I cannot begin to tell you how much I despise the al Awlakis of this world, but a citizen is a citizen and entitled to the rights of a citizen under our Constitution. People (not I) may argue as to whether we have God-given rights. It is not particularly permissible or rational for anyone to ignore those rights that are enumerated in the Constitution and, above all, where the rights are personal such as the right to due process and protect the individual FROM government overreaching.
The judge (Irving Kaufman) in the Rosenberg case was a Jewish man lest anyone suggest successfully that anti-Semitism was a motive for the prosecution. That judge's family had to move, I believe, to a log cabin in rural Vermont, for their safety during the trial because of threats. No one would have blamed Kaufman for begging off but that would have weakened the judiciary.
Two leading prosecutors of the Rosenbergs were also Jewish for probably similar reasons: Irving Saypol and Roy Cohn. The Stalinists threw every sort of attack at the government, the judge, the prosecutors, the prosecution witnesses, etc., but to no avail because these prosecutors and the judge had the backbone to vindicate judicial authority and the espionage laws of the United States. The younger defense attorney of a father and son team dropped dead at an early age not long after the trial with his exhaustion in the defense effort being a major cause. The defense lawyers were also a credit to the bar regardless of their ideology or motives.

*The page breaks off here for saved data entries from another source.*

lemma caterpillar_or_type_le_Diff_right:
  "has_type S (p, 2) \<Longrightarrow> \<exists>x\<in>S. caterpillar_or_type_le p (S - {x})"
proof (induction S "(p, 2::nat)" rule: has_type.induct)
  case (ty_base S)
  obtain x where "x \<in> split1 S" using split_nonempty[OF ty_base.hyps(1,2)] by blast
  then show ?case
    using caterpillar_or_type_le_Diff_base1[OF ty_base.hyps(1)] ty_base split1_subset by fastforce
next
  case (ty_left S)
  then obtain x where x: "x \<in> split0 S" "caterpillar_or_type_le p (split0 S - {x})" by blast
  have "split0 S - {x} \<noteq> {}"
    using has_type_card[OF ty_left.hyps(4)] by (intro Diff_singleton_nonempty_if_card_ge2) simp
  then show ?case
    using caterpillar_or_type_le_Diff_split0[OF ty_left.hyps(1,3)] x split0_subset by blast
next
  case (ty_right S)
  then obtain x where x: "x \<in> split1 S" "caterpillar_or_type_le p (split1 S - {x})" by blast
  have "split1 S - {x} \<noteq> {}"
    using has_type_card[OF ty_right.hyps(4)] by (intro Diff_singleton_nonempty_if_card_ge2) simp
  then show ?case
    using caterpillar_or_type_le_Diff_split1[OF ty_right.hyps(1,3)] x split1_subset by blast
qed

lemma has_type_subset_card_minus_one:
  assumes "has_type S (p, q)" "p + q < card S"
  shows "\<exists>T\<subseteq>S. card T = card S - 1 \<and> has_type T (p, q)"
  using assms(1)
proof cases
  case ty_base
  then show ?thesis using card_split[of S] assms(2) by simp
next
  case ty_left
  then have "card (split0 S) = card S - 1" using card_split[of S] by simp
  then show ?thesis using split0_subset[of S] ty_left by blast
next
  case ty_right
  then have "card (split1 S) = card S - 1" using card_split[of S] by simp
  then show ?thesis using split1_subset[of S] ty_right by blast
qed

lemma has_type_subset_22: "has_type S (p, q) \<Longrightarrow> \<exists>T\<subseteq>S. has_type T (2, 2)"
proof (induction "p + q" arbitrary: S p q rule: less_induct)
  case less
  have "2 \<le> p" "2 \<le> q" using has_type_ge2[OF less.prems] by auto
  then consider "3 \<le> p" | "3 \<le> q" | "p = 2" "q = 2" by linarith
  then show ?case
  proof cases
    case 1
    then obtain x where "has_type (S - {x}) (p - 1, q)"
      using has_type_Diff_left[OF less.prems] by blast
    then show ?thesis using less.hyps[of "p - 1" q "S - {x}"] 1 by auto
  next
    case 2
    then obtain x where "has_type (S - {x}) (p, q - 1)"
      using has_type_Diff_right[OF less.prems] by blast
    then show ?thesis using less.hyps[of p "q - 1" "S - {x}"] 2 by auto
  next
    case 3
    then show ?thesis using less.prems by blast
  qed
qed

lemma caterpillar_iff_no_subset_22:
  assumes "finite S"
  shows "caterpillar S \<longleftrightarrow> \<not> (\<exists>T\<subseteq>S. has_type T (2, 2))"
proof
  assume "caterpillar S"
  then show "\<not> (\<exists>T\<subseteq>S. has_type T (2, 2))"
    using caterpillar_subset has_type_not_caterpillar by blast
next
  assume "\<not> (\<exists>T\<subseteq>S. has_type T (2, 2))"
  then show "caterpillar S"
    using has_type_if_not_caterpillar[OF assms] has_type_subset_22 by (metis surj_pair)
qed

theorem mainTheorem7:
  fixes S :: "nat set"
  assumes "finite S" and "S \<noteq> {}"
  shows
   "(\<forall>p q. has_type S (p, q) \<and> p \<ge> 3 \<longrightarrow>
        (\<exists>T\<subseteq>S. card T = card S - 1 \<and> has_type T (p - 1, q))) \<and>
    (\<forall>p q. has_type S (p, q) \<and> q \<ge> 3 \<longrightarrow>
        (\<exists>T\<subseteq>S. card T = card S - 1 \<and> has_type T (p, q - 1))) \<and>
    (\<forall>q. has_type S (2, q) \<longrightarrow>
        (\<exists>T\<subseteq>S. card T = card S - 1 \<and>
            (caterpillar T \<or> (\<exists>p' q'. has_type T (p', q') \<and> p' + q' \<le> q)))) \<and>
    (\<forall>p. has_type S (p, 2) \<longrightarrow>
        (\<exists>T\<subseteq>S. card T = card S - 1 \<and>
            (caterpillar T \<or> (\<exists>p' q'. has_type T (p', q') \<and> p' + q' \<le> p)))) \<and>
    (\<forall>p q. has_type S (p, q) \<and> p + q < card S \<longrightarrow>
        (\<exists>T\<subseteq>S. card T = card S - 1 \<and> has_type T (p, q))) \<and>
    (caterpillar S \<longleftrightarrow> \<not> (\<exists>T\<subseteq>S. has_type T (2, 2)))"
proof (intro conjI allI impI)
  fix p q assume "has_type S (p, q) \<and> p \<ge> 3"
  then obtain x where "x \<in> S" "has_type (S - {x}) (p - 1, q)" using has_type_Diff_left by blast
  then show "\<exists>T\<subseteq>S. card T = card S - 1 \<and> has_type T (p - 1, q)"
    using assms(1) by (intro exI[of _ "S - {x}"]) auto
next
  fix p q assume "has_type S (p, q) \<and> q \<ge> 3"
  then obtain x where "x \<in> S" "has_type (S - {x}) (p, q - 1)" using has_type_Diff_right by blast
  then show "\<exists>T\<subseteq>S. card T = card S - 1 \<and> has_type T (p, q - 1)"
    using assms(1) by (intro exI[of _ "S - {x}"]) auto
next
  fix q assume "has_type S (2, q)"
  then obtain x where "x \<in> S" "caterpillar_or_type_le q (S - {x})"
    using caterpillar_or_type_le_Diff_left by blast
  then show "\<exists>T\<subseteq>S. card T = card S - 1 \<and>
      (caterpillar T \<or> (\<exists>p' q'. has_type T (p', q') \<and> p' + q' \<le> q))"
    using assms(1) unfolding caterpillar_or_type_le_def by (intro exI[of _ "S - {x}"]) auto
next
  fix p assume "has_type S (p, 2)"
  then obtain x where "x \<in> S" "caterpillar_or_type_le p (S - {x})"
    using caterpillar_or_type_le_Diff_right by blast
  then show "\<exists>T\<subseteq>S. card T = card S - 1 \<and>
      (caterpillar T \<or> (\<exists>p' q'. has_type T (p', q') \<and> p' + q' \<le> p))"
    using assms(1) unfolding caterpillar_or_type_le_def by (intro exI[of _ "S - {x}"]) auto
next
  fix p q assume "has_type S (p, q) \<and> p + q < card S"
  then show "\<exists>T\<subseteq>S. card T = card S - 1 \<and> has_type T (p, q)"
    using has_type_subset_card_minus_one by blast
next
  show "caterpillar S \<longleftrightarrow> \<not> (\<exists>T\<subseteq>S. has_type T (2, 2))"
    by (rule caterpillar_iff_no_subset_22[OF assms(1)])
qed

end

I seldom wish the ACLU well given its history but this suit against Treasury is a serious exception to my rule. They deserve credit for trying and MAJOR credit if they win. I do not see Stephen Breyer or Ruth Ginsberg siding with the government on this. If Sotomayor, Kagan or any other justice agrees with Obozo on this, their resignations should be submitted along with their opinions and they should be pilloried ina future book entitled: Profiles in Treason and Cowardice.
Bump for my education. Thanks.
Let's face it, none of us really give a darn about Awlaki personally; the interest is purely selfish. It's that if they can deny Awlaki his rights as a citizen without trial, without even charges, and just kill him based on a presidential order -- and even worse kill his 16 yr old son who was guilty of absolutely nothing -- then the same can be done to any of us when it's politically expedient.
What blows me away about all of this is that when you strip away all the rhetoric, there really is nothing unique about this situation with Islam. America has been here before -- with communism.
During the Cold War, we had communists infiltrating. Your references to the Rosenbergs was apt -- and when they were guilty of crime, we successfully prosecuted them and executed them. And yet, Americans rejected living in a police state to "protect us against communists". They rejected McCarthism when they saw it's excesses that persecuted people who just maybe, might have some "guilt by association", but who were really innocent. (One of those people was a friend of mine.) Today, we the sheeple seem to blindly accept it -- as long as they are after "the other guy and not me".
I desperately wish that Conservatives would get together and sponsor an ACLU equivalent, because Liberals should not have the only moral high ground on civil liberty issues. If anything, Obamacare and laws like this S1867 prove that.